Explaining the American fintech paradox
A brief introduction to American fintech
America is home to both Wall Street and Silicon Valley but seemingly lags behind other developed nations in the introduction of fintech. A parallel to be drawn with this is the slow European Union vaccine rollout showing that size and resources are no guarantee of efficiency and innovation. The most prominent example of widespread fintech for consumers is contactless payment systems which have been accelerating rapidly in Europe and are steadily taking off in other regions. The compound annual growth rate used in forecasting analysis for contactless payment market growth over 10 years is often cited between 10-20% and yet America of all economies is still struggling to introduce the technology. Silicon Valley is the world-renowned centre of technological advancement and so combined with intellectual property laws should theoretically have led to America having cutting edge consumer fintech, but there are instead corporate powers forcing this down.

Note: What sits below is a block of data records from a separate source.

lemma hop_mem_Hspace:
  assumes v: "v \<in> Hspace Ne No" and "a < No"
  shows "hop No a j v \<in> Hspace Ne No"
  unfolding hop_eq_sum
proof (rule fstate.subspace_sum[OF subspace_Hspace])
  fix L
  show "v L *\<^sub>F hop_ket a j L \<in> Hspace Ne No"
  proof (cases "v L = 0")
    case True
    then show ?thesis
      using fstate.subspace_0[OF subspace_Hspace] by simp
  next
    case False
    with v have "L \<in> slaters Ne No"
      by (auto simp: Hspace_iff)
    then show ?thesis
      using \<open>a < No\<close> by (intro fstate.subspace_scale[OF subspace_Hspace] hop_ket_mem_Hspace)
  qed
qed

lemma Lop_mem_Hspace:
  assumes "v \<in> Hspace Ne No"
  shows "Lop No m n v \<in> Hspace Ne No"
  unfolding Lop_eq_sum
proof (rule fstate.subspace_sum[OF subspace_Hspace])
  fix j assume "j \<in> {j. j < No \<and> n \<le> j \<and> j - n + m < No}"
  then have "hop No (j - n + m) j v \<in> Hspace Ne No"
    using assms by (intro hop_mem_Hspace) auto
  then show "complex_of_real (Acoef m n j) *\<^sub>F hop No (j - n + m) j v \<in> Hspace Ne No"
    by (rule fstate.subspace_scale[OF subspace_Hspace])
qed

lemma Lprod_mem_Hspace: "v \<in> Hspace Ne No \<Longrightarrow> Lprod No ms v \<in> Hspace Ne No"
proof (induction ms)
  case Nil
  then show ?case by simp
next
  case (Cons p ms)
  then show ?case
    by (cases p) (simp add: Lop_mem_Hspace)
qed

lemma ket_mem_span_Lprod:
  assumes \<phi>: "\<phi> \<in> Hspace Ne No" "\<phi> \<noteq> (\<lambda>_. 0)" and A: "A \<in> slaters Ne No"
  shows "ket A \<in> fstate.span {Lprod No ms \<phi> | ms. length ms \<le> Ne}"
proof -
  from \<phi>(2) have "\<exists>K. \<phi> K \<noteq> 0"
    by (simp add: fun_eq_iff)
  then obtain K where "\<phi> K \<noteq> 0" ..
  with \<phi>(1) have K: "K \<in> slaters Ne No"
    unfolding Hspace_iff by blast
  obtain ps where ps: "admissible_hops No ps" "length ps = Ne" "snd ` set ps = K" "fst ` set ps = A"
      "\<forall>(a, k)\<in>set ps. a < No \<and> k < No"
    by (rule admissible_transfer_exists[OF K A])
  have kets: "\<exists>s. hops No ps (ket L) = s *\<^sub>F ket A \<and> (s \<noteq> 0 \<longleftrightarrow> L = K)"
    if "L \<in> slaters Ne No" for L
    using hops_ket_transfer[OF ps(1,3,4) that K] .
  obtain s where s: "s \<noteq> 0" "hops No ps (ket K) = s *\<^sub>F ket A"
    using kets[OF K] by blast
  have vanish: "hops No ps (ket L) = 0" if "L \<in> slaters Ne No" "L \<noteq> K" for L
    using kets[OF that(1)] that(2) by auto
  from Hspace_eq_sum_kets[OF \<phi>(1)]
  have "hops No ps \<phi> = hops No ps (\<Sum>L\<in>slaters Ne No. \<phi> L *\<^sub>F ket L)"
    by (rule arg_cong)
  also have "\<dots> = (\<Sum>L\<in>slaters Ne No. \<phi> L *\<^sub>F hops No ps (ket L))"
    by (simp add: module_hom.sum[OF module_hom_hops] module_hom.scale[OF module_hom_hops])
  also have "\<dots> = \<phi> K *\<^sub>F hops No ps (ket K)"
    using vanish by (simp add: sum.remove[OF finite_slaters K])
  finally have "hops No ps \<phi> = (\<phi> K * s) *\<^sub>F ket A"
    by (simp add: s fstate.scale_scale)
  moreover have "inverse (\<phi> K * s) * (\<phi> K * s) = 1"
    using s(1) \<open>\<phi> K \<noteq> 0\<close> by (simp add: field_simps)
  ultimately have ket_A: "ket A = inverse (\<phi> K * s) *\<^sub>F hops No ps \<phi>"
    by (simp only: fstate.scale_scale fstate.scale_one)
  have "{Lprod No ms \<phi> | ms. length ms = length ps} \<subseteq> {Lprod No ms \<phi> | ms. length ms \<le> Ne}"
    using ps(2) by auto
  with hops_mem_span_Lprod[OF ps(5)]
  have "hops No ps \<phi> \<in> fstate.span {Lprod No ms \<phi> | ms. length ms \<le> Ne}"
    using fstate.span_mono by blast
  then show ?thesis
    unfolding ket_A by (rule fstate.span_scale)
qed

lemma span_Lprod_eq_Hspace:
  assumes "\<phi> \<in> Hspace Ne No" "\<phi> \<noteq> (\<lambda>_. 0)"
  shows "fstate.span {Lprod No ms \<phi> | ms. length ms \<le> Ne} = Hspace Ne No"
proof
  show "fstate.span {Lprod No ms \<phi> | ms. length ms \<le> Ne} \<subseteq> Hspace Ne No"
    using assms(1) by (intro fstate.span_minimal subspace_Hspace) (auto intro: Lprod_mem_Hspace)
  show "Hspace Ne No \<subseteq> fstate.span {Lprod No ms \<phi> | ms. length ms \<le> Ne}"
  proof
    fix v assume "v \<in> Hspace Ne No"
    then have "v = (\<Sum>L\<in>slaters Ne No. v L *\<^sub>F ket L)"
      by (rule Hspace_eq_sum_kets)
    also have "\<dots> \<in> fstate.span {Lprod No ms \<phi> | ms. length ms \<le> Ne}"
      using assms by (intro fstate.span_sum fstate.span_scale ket_mem_span_Lprod)
    finally show "v \<in> fstate.span {Lprod No ms \<phi> | ms. length ms \<le> Ne}" .
  qed
qed

theorem theorem3:
  fixes No Ne :: nat and \<phi> :: fstate
  assumes "1 \<le> No" and "Ne \<le> No"
    and "\<phi> \<in> Hspace Ne No" and "\<phi> \<noteq> (\<lambda>_. 0)"
  shows "cspan {Lprod No ms \<phi> | ms. length ms \<le> Ne} = Hspace Ne No
    \<and> (\<forall>G \<subseteq> Hspace Ne No. (\<exists>g\<in>G. g \<noteq> (\<lambda>_. 0)) \<longrightarrow>
         (\<forall>\<psi> \<in> Hspace Ne No. (\<forall>g\<in>G. inner_f Ne No g \<psi> = 0) \<longrightarrow>
            \<psi> \<in> cspan {Lprod No ms g | ms g. g \<in> G \<and> length ms \<le> Ne}))"
proof (intro conjI allI impI ballI)
  show "cspan {Lprod No ms \<phi> | ms. length ms \<le> Ne} = Hspace Ne No"
    unfolding cspan_eq_span using assms(3,4) by (rule span_Lprod_eq_Hspace)
next
  fix G \<psi>
  assume "G \<subseteq> Hspace Ne No" "\<exists>g\<in>G. g \<noteq> (\<lambda>_. 0)" "\<psi> \<in> Hspace Ne No"
  then obtain g where g: "g \<in> G" "g \<noteq> (\<lambda>_. 0)" "g \<in> Hspace Ne No"
    by blast
  with \<open>\<psi> \<in> Hspace Ne No\<close> have "\<psi> \<in> fstate.span {Lprod No ms g | ms. length ms \<le> Ne}"
    using span_Lprod_eq_Hspace by blast
  also have "\<dots> \<subseteq> fstate.span {Lprod No ms g | ms g. g \<in> G \<and> length ms \<le> Ne}"
    using g(1) by (intro fstate.span_mono) blast
  finally show "\<psi> \<in> cspan {Lprod No ms g | ms g. g \<in> G \<and> length ms \<le> Ne}"
    unfolding cspan_eq_span .
qed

American card payment systems are governed by a strong duopoly of Visa and Mastercard who have the power to limit innovation due to immense lobbying funds and engage in tacit collusion, holding the costs of transactions above other economies. The financial sector plays a dangerous balancing act whereby countries with large barriers have slow tech development but are more stable which is the American model. Online payment systems such as Square are still constrained by this duopoly since they are unable to be a standalone financial network route and rely upon the credit card companies to connect those involved in a transaction. The main implication of this is that transaction fees are held high in America because whilst they have the technology to innovate, the lack of competition enables incumbent firms to block change. However, despite these restraints, America has been presented with an opportunity in the form of cryptocurrencies that are increasingly able to break away from regular currency. The most recent breakthrough to bypass the credit card companies is Tesla’s move to accept Bitcoin as a form of payment and so it seems rather than reform the old, the American path away from barriers comes in the form of creative destruction. Therefore, America must continue to focus on creating solutions rather than breaking down the existing barriers.
The Covid factor
The ongoing pandemic has acted as a catalyst for new digital solutions but most notably, the shift to contactless systems has developed at an even faster rate in advanced economies that have used technology as a means to limit human contact. Covid in America has been a highly divisive issue with each state taking its own approach as well as a new administration coming to power. States that chose a relaxed approach to Covid have missed this chance to evolve meaning that the companies controlling markets can continue to do so. Covid has crippled old systems but caused fintech to flourish as the drive for the next generation of payment systems is accelerated.
Solving the American problem
On the face of it, the solution is simple, implement more aggressive antitrust policies to create more competition so that the Chinese model becomes viable, and the consumer benefits. Whilst this is wishful thinking due to America having some of the greatest powers of private lobbying in the world, under the new presidency there is a possibility of reform centred around monopoly busting in many of America’s industries. Covid may have presented the best opportunity for fintech to grow in America, but the state must not let it be constrained by Visa and Mastercard. Cryptocurrency has taken off in the last year but is often seen more as an investment opportunity by consumers rather than a store of value meaning that for the time being, improving transaction methods and fees should be the central focus in America. The paradox of Wall Street coexisting with Silicon Valley but providing few fintech advancements is due to red tape, which until lifted will continue to allow America to fall behind other economic superpowers. The Biden administration has an opportunity during the pandemic to provide this change for both public health and economic reasons as long as they are willing to lobby and stand up to abuses of monopoly power.